Records supplied Block Start
(* Let $0<\kappa_0\le1$, $0<\alpha_0\le1$, $T\ge8$, $M=4T\kappa_0^{-1}$, $\Lambda\subset\mathfrak T$, and let $w,D$ be as in the context with $D\in\mathcal G_{\Lambda,T,\kappa_0}$. If $\gamma=(n_1,\dots,n_k)\in\Gamma_{D,T,\kappa_0}(n_1,n_k;k,\Lambda,\mathfrak R)$, then $$W_{D,\kappa_0}(\gamma)\le\exp\big(kM^2-\kappa_0(1-2^{-9})\|\gamma\|+2\bar D(\gamma)\big).$$
   Context: $(\mathfrak T,+)$ is an Abelian group with $|\cdot|:\mathfrak T\to[0,\infty)$, $|m|=0$ iff $m=0$, $|m+n|\le|m|+|n|$. Fix $\Lambda\subset\mathfrak T$ and functions $w:\Lambda\times\Lambda\to[0,\infty)$, $D:\Lambda\to[1,\infty)$ with $w(m,m)=1$ and $w(m,n)\le\exp(-\kappa_0|m-n|^{\alpha_0})$. A trajectory is a finite sequence $\gamma=(n_1,\dots,n_k)$ of points of $\Lambda$, $k\ge1$, with $n_{j+1}\ne n_j$. Put $\|\gamma\|=\sum_{i=1}^{k-1}|n_i-n_{i+1}|^{\alpha_0}$ ($=0$ if $k=1$), $\bar D(\gamma)=\max_jD(n_j)$, $W_{D,\kappa_0}(\gamma)=\exp(-\kappa_0\|\gamma\|+\sum_{j=1}^kD(n_j))$. Let $\mu_\Lambda(m)=\inf\{|m-n|:n\in\mathfrak T\setminus\Lambda\}$. $D\in\mathcal G_{\Lambda,T,\kappa_0}$ means: $D(m)\le T\mu_\Lambda(m)^{\alpha_0/5}$ for every $m$ with $D(m)\ge4T\kappa_0^{-1}$. For $D\in\mathcal G_{\Lambda,T,\kappa_0}$, $\Gamma_{D,T,\kappa_0}(n_1,n_k;k,\Lambda,\mathfrak R)$ is the set of trajectories $\gamma=(n_1,\dots,n_k)$ such that: (A) for all $i<j$ with $j\ge i+2$ and $\min(D(n_i),D(n_j))\ge4T\kappa_0^{-1}$ one has $\min(D(n_i),D(n_j))\le T\|(n_i,\dots,n_j)\|^{\alpha_0/5}$; and (B) if for some $i$ one has $\min(D(n_i),D(n_{i+1}))\ge4T\kappa_0^{-1}$ and $\min(D(n_i),D(n_{i+1}))>T|n_i-n_{i+1}|^{\alpha_0/5}$, then for all $j'<i<i+1<j''$: $\min(D(n_{j'}),D(n_i))\le T\|(n_{j'},\dots,n_i)\|^{\alpha_0/5}$, $\min(D(n_i),D(n_{j''}))\le T\|(n_i,\dots,n_{j''})\|^{\alpha_0/5}$, $\min(D(n_{j'}),D(n_{i+1}))\le T\|(n_{j'},\dots,n_{i+1})\|^{\alpha_0/5}$, $\min(D(n_{i+1}),D(n_{j''}))\le T\|(n_{i+1},\dots,n_{j''})\|^{\alpha_0/5}$. *)

theory Defs
  imports Complex_Main
begin

(* Trajectories are lists ns = [n_1,...,n_k] (0-based indices in Isabelle). *)

definition is_trajectory :: "'a set \<Rightarrow> 'a list \<Rightarrow> bool" where
  "is_trajectory \<Lambda> ns \<longleftrightarrow> ns \<noteq> [] \<and> set ns \<subseteq> \<Lambda> \<and>
     (\<forall>j. Suc j < length ns \<longrightarrow> ns ! Suc j \<noteq> ns ! j)"

definition seg_norm :: "('a::ab_group_add \<Rightarrow> real) \<Rightarrow> real \<Rightarrow> 'a list \<Rightarrow> nat \<Rightarrow> nat \<Rightarrow> real" where
  "seg_norm nrm \<alpha>0 ns i j = (\<Sum>l\<in>{i..<j}. nrm (ns ! l - ns ! Suc l) powr \<alpha>0)"

definition traj_norm :: "('a::ab_group_add \<Rightarrow> real) \<Rightarrow> real \<Rightarrow> 'a list \<Rightarrow> real" where
  "traj_norm nrm \<alpha>0 ns = seg_norm nrm \<alpha>0 ns 0 (length ns - 1)"

definition Dbar :: "('a \<Rightarrow> real) \<Rightarrow> 'a list \<Rightarrow> real" where
  "Dbar D ns = Max (D ` set ns)"

definition W_weight :: "('a::ab_group_add \<Rightarrow> real) \<Rightarrow> real \<Rightarrow> ('a \<Rightarrow> real) \<Rightarrow> real \<Rightarrow> 'a list \<Rightarrow> real" where
  "W_weight nrm \<alpha>0 D \<kappa>0 ns = exp (- \<kappa>0 * traj_norm nrm \<alpha>0 ns + (\<Sum>j<length ns. D (ns ! j)))"

(* D \<in> G_{\<Lambda>,T,\<kappa>0}: D(m) \<le> T \<mu>_\<Lambda>(m)^(\<alpha>0/5) whenever D(m) \<ge> 4T/\<kappa>0, where
   \<mu>_\<Lambda>(m) = inf{|m-n| : n \<notin> \<Lambda>} (= +\<infinity> if \<Lambda> is everything). Since t \<mapsto> T t^(\<alpha>0/5)
   is continuous and nondecreasing on [0,\<infinity>), this is the same as the bound against
   every n outside \<Lambda>. *)
definition in_G :: "('a::ab_group_add \<Rightarrow> real) \<Rightarrow> real \<Rightarrow> 'a set \<Rightarrow> real \<Rightarrow> real \<Rightarrow> ('a \<Rightarrow> real) \<Rightarrow> bool" where
  "in_G nrm \<alpha>0 \<Lambda> T \<kappa>0 D \<longleftrightarrow>
     (\<forall>m\<in>\<Lambda>. D m \<ge> 4 * T / \<kappa>0 \<longrightarrow> (\<forall>n. n \<notin> \<Lambda> \<longrightarrow> D m \<le> T * nrm (m - n) powr (\<alpha>0 / 5)))"

definition in_Gamma :: "('a::ab_group_add \<Rightarrow> real) \<Rightarrow> real \<Rightarrow> 'a set \<Rightarrow> real \<Rightarrow> real \<Rightarrow> ('a \<Rightarrow> real) \<Rightarrow> 'a list \<Rightarrow> bool" where
  "in_Gamma nrm \<alpha>0 \<Lambda> T \<kappa>0 D ns \<longleftrightarrow>
     (let k = length ns; M = 4 * T / \<kappa>0; sn = seg_norm nrm \<alpha>0 ns;
          ok = (\<lambda>a b. min (D (ns ! a)) (D (ns ! b)) \<le> T * sn a b powr (\<alpha>0 / 5)) in
      is_trajectory \<Lambda> ns \<and>
      \<comment> \<open>(A)\<close>
      (\<forall>i j. i + 2 \<le> j \<and> j < k \<and> min (D (ns ! i)) (D (ns ! j)) \<ge> M \<longrightarrow> ok i j) \<and>
      \<comment> \<open>(B)\<close>
      (\<forall>i. Suc i < k \<and> min (D (ns ! i)) (D (ns ! Suc i)) \<ge> M \<and>
             min (D (ns ! i)) (D (ns ! Suc i)) > T * nrm (ns ! i - ns ! Suc i) powr (\<alpha>0 / 5) \<longrightarrow>
           (\<forall>j'. j' < i \<longrightarrow> ok j' i \<and> ok j' (Suc i)) \<and>
           (\<forall>j''. Suc i < j'' \<and> j'' < k \<longrightarrow> ok i j'' \<and> ok (Suc i) j'')))"

end

theory Submission
  imports Defs
begin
Records supplied Block End
_About this exercise_
Exactly as shown, repeat every record.

_Exercise solution_
(* Let $0<\kappa_0\le1$, $0<\alpha_0\le1$, $T\ge8$, $M=4T\kappa_0^{-1}$, $\Lambda\subset\mathfrak T$, and let $w,D$ be as in the context with $D\in\mathcal G_{\Lambda,T,\kappa_0}$. If $\gamma=(n_1,\dots,n_k)\in\Gamma_{D,T,\kappa_0}(n_1,n_k;k,\Lambda,\mathfrak R)$, then $$W_{D,\kappa_0}(\gamma)\le\exp\big(kM^2-\kappa_0(1-2^{-9})\|\gamma\|+2\bar D(\gamma)\big).$$
   Context: $(\mathfrak T,+)$ is an Abelian group with $|\cdot|:\mathfrak T\to[0,\infty)$, $|m|=0$ iff $m=0$, $|m+n|\le|m|+|n|$. Fix $\Lambda\subset\mathfrak T$ and functions $w:\Lambda\times\Lambda\to[0,\infty)$, $D:\Lambda\to[1,\infty)$ with $w(m,m)=1$ and $w(m,n)\le\exp(-\kappa_0|m-n|^{\alpha_0})$. A trajectory is a finite sequence $\gamma=(n_1,\dots,n_k)$ of points of $\Lambda$, $k\ge1$, with $n_{j+1}\ne n_j$. Put $\|\gamma\|=\sum_{i=1}^{k-1}|n_i-n_{i+1}|^{\alpha_0}$ ($=0$ if $k=1$), $\bar D(\gamma)=\max_jD(n_j)$, $W_{D,\kappa_0}(\gamma)=\exp(-\kappa_0\|\gamma\|+\sum_{j=1}^kD(n_j))$. Let $\mu_\Lambda(m)=\inf\{|m-n|:n\in\mathfrak T\setminus\Lambda\}$. $D\in\mathcal G_{\Lambda,T,\kappa_0}$ means: $D(m)\le T\mu_\Lambda(m)^{\alpha_0/5}$ for every $m$ with $D(m)\ge4T\kappa_0^{-1}$. For $D\in\mathcal G_{\Lambda,T,\kappa_0}$, $\Gamma_{D,T,\kappa_0}(n_1,n_k;k,\Lambda,\mathfrak R)$ is the set of trajectories $\gamma=(n_1,\dots,n_k)$ such that: (A) for all $i<j$ with $j\ge i+2$ and $\min(D(n_i),D(n_j))\ge4T\kappa_0^{-1}$ one has $\min(D(n_i),D(n_j))\le T\|(n_i,\dots,n_j)\|^{\alpha_0/5}$; and (B) if for some $i$ one has $\min(D(n_i),D(n_{i+1}))\ge4T\kappa_0^{-1}$ and $\min(D(n_i),D(n_{i+1}))>T|n_i-n_{i+1}|^{\alpha_0/5}$, then for all $j'<i<i+1<j''$: $\min(D(n_{j'}),D(n_i))\le T\|(n_{j'},\dots,n_i)\|^{\alpha_0/5}$, $\min(D(n_i),D(n_{j''}))\le T\|(n_i,\dots,n_{j''})\|^{\alpha_0/5}$, $\min(D(n_{j'}),D(n_{i+1}))\le T\|(n_{j'},\dots,n_{i+1})\|^{\alpha_0/5}$, $\min(D(n_{i+1}),D(n_{j''}))\le T\|(n_{i+1},\dots,n_{j''})\|^{\alpha_0/5}$. *)

theory Defs
  imports Complex_Main
begin

(* Trajectories are lists ns = [n_1,...,n_k] (0-based indices in Isabelle). *)

definition is_trajectory :: "'a set \<Rightarrow> 'a list \<Rightarrow> bool" where
  "is_trajectory \<Lambda> ns \<longleftrightarrow> ns \<noteq> [] \<and> set ns \<subseteq> \<Lambda> \<and>
     (\<forall>j. Suc j < length ns \<longrightarrow> ns ! Suc j \<noteq> ns ! j)"

definition seg_norm :: "('a::ab_group_add \<Rightarrow> real) \<Rightarrow> real \<Rightarrow> 'a list \<Rightarrow> nat \<Rightarrow> nat \<Rightarrow> real" where
  "seg_norm nrm \<alpha>0 ns i j = (\<Sum>l\<in>{i..<j}. nrm (ns ! l - ns ! Suc l) powr \<alpha>0)"

definition traj_norm :: "('a::ab_group_add \<Rightarrow> real) \<Rightarrow> real \<Rightarrow> 'a list \<Rightarrow> real" where
  "traj_norm nrm \<alpha>0 ns = seg_norm nrm \<alpha>0 ns 0 (length ns - 1)"

definition Dbar :: "('a \<Rightarrow> real) \<Rightarrow> 'a list \<Rightarrow> real" where
  "Dbar D ns = Max (D ` set ns)"

definition W_weight :: "('a::ab_group_add \<Rightarrow> real) \<Rightarrow> real \<Rightarrow> ('a \<Rightarrow> real) \<Rightarrow> real \<Rightarrow> 'a list \<Rightarrow> real" where
  "W_weight nrm \<alpha>0 D \<kappa>0 ns = exp (- \<kappa>0 * traj_norm nrm \<alpha>0 ns + (\<Sum>j<length ns. D (ns ! j)))"

(* D \<in> G_{\<Lambda>,T,\<kappa>0}: D(m) \<le> T \<mu>_\<Lambda>(m)^(\<alpha>0/5) whenever D(m) \<ge> 4T/\<kappa>0, where
   \<mu>_\<Lambda>(m) = inf{|m-n| : n \<notin> \<Lambda>} (= +\<infinity> if \<Lambda> is everything). Since t \<mapsto> T t^(\<alpha>0/5)
   is continuous and nondecreasing on [0,\<infinity>), this is the same as the bound against
   every n outside \<Lambda>. *)
definition in_G :: "('a::ab_group_add \<Rightarrow> real) \<Rightarrow> real \<Rightarrow> 'a set \<Rightarrow> real \<Rightarrow> real \<Rightarrow> ('a \<Rightarrow> real) \<Rightarrow> bool" where
  "in_G nrm \<alpha>0 \<Lambda> T \<kappa>0 D \<longleftrightarrow>
     (\<forall>m\<in>\<Lambda>. D m \<ge> 4 * T / \<kappa>0 \<longrightarrow> (\<forall>n. n \<notin> \<Lambda> \<longrightarrow> D m \<le> T * nrm (m - n) powr (\<alpha>0 / 5)))"

definition in_Gamma :: "('a::ab_group_add \<Rightarrow> real) \<Rightarrow> real \<Rightarrow> 'a set \<Rightarrow> real \<Rightarrow> real \<Rightarrow> ('a \<Rightarrow> real) \<Rightarrow> 'a list \<Rightarrow> bool" where
  "in_Gamma nrm \<alpha>0 \<Lambda> T \<kappa>0 D ns \<longleftrightarrow>
     (let k = length ns; M = 4 * T / \<kappa>0; sn = seg_norm nrm \<alpha>0 ns;
          ok = (\<lambda>a b. min (D (ns ! a)) (D (ns ! b)) \<le> T * sn a b powr (\<alpha>0 / 5)) in
      is_trajectory \<Lambda> ns \<and>
      \<comment> \<open>(A)\<close>
      (\<forall>i j. i + 2 \<le> j \<and> j < k \<and> min (D (ns ! i)) (D (ns ! j)) \<ge> M \<longrightarrow> ok i j) \<and>
      \<comment> \<open>(B)\<close>
      (\<forall>i. Suc i < k \<and> min (D (ns ! i)) (D (ns ! Suc i)) \<ge> M \<and>
             min (D (ns ! i)) (D (ns ! Suc i)) > T * nrm (ns ! i - ns ! Suc i) powr (\<alpha>0 / 5) \<longrightarrow>
           (\<forall>j'. j' < i \<longrightarrow> ok j' i \<and> ok j' (Suc i)) \<and>
           (\<forall>j''. Suc i < j'' \<and> j'' < k \<longrightarrow> ok i j'' \<and> ok (Suc i) j'')))"

end

theory Submission
  imports Defs
begin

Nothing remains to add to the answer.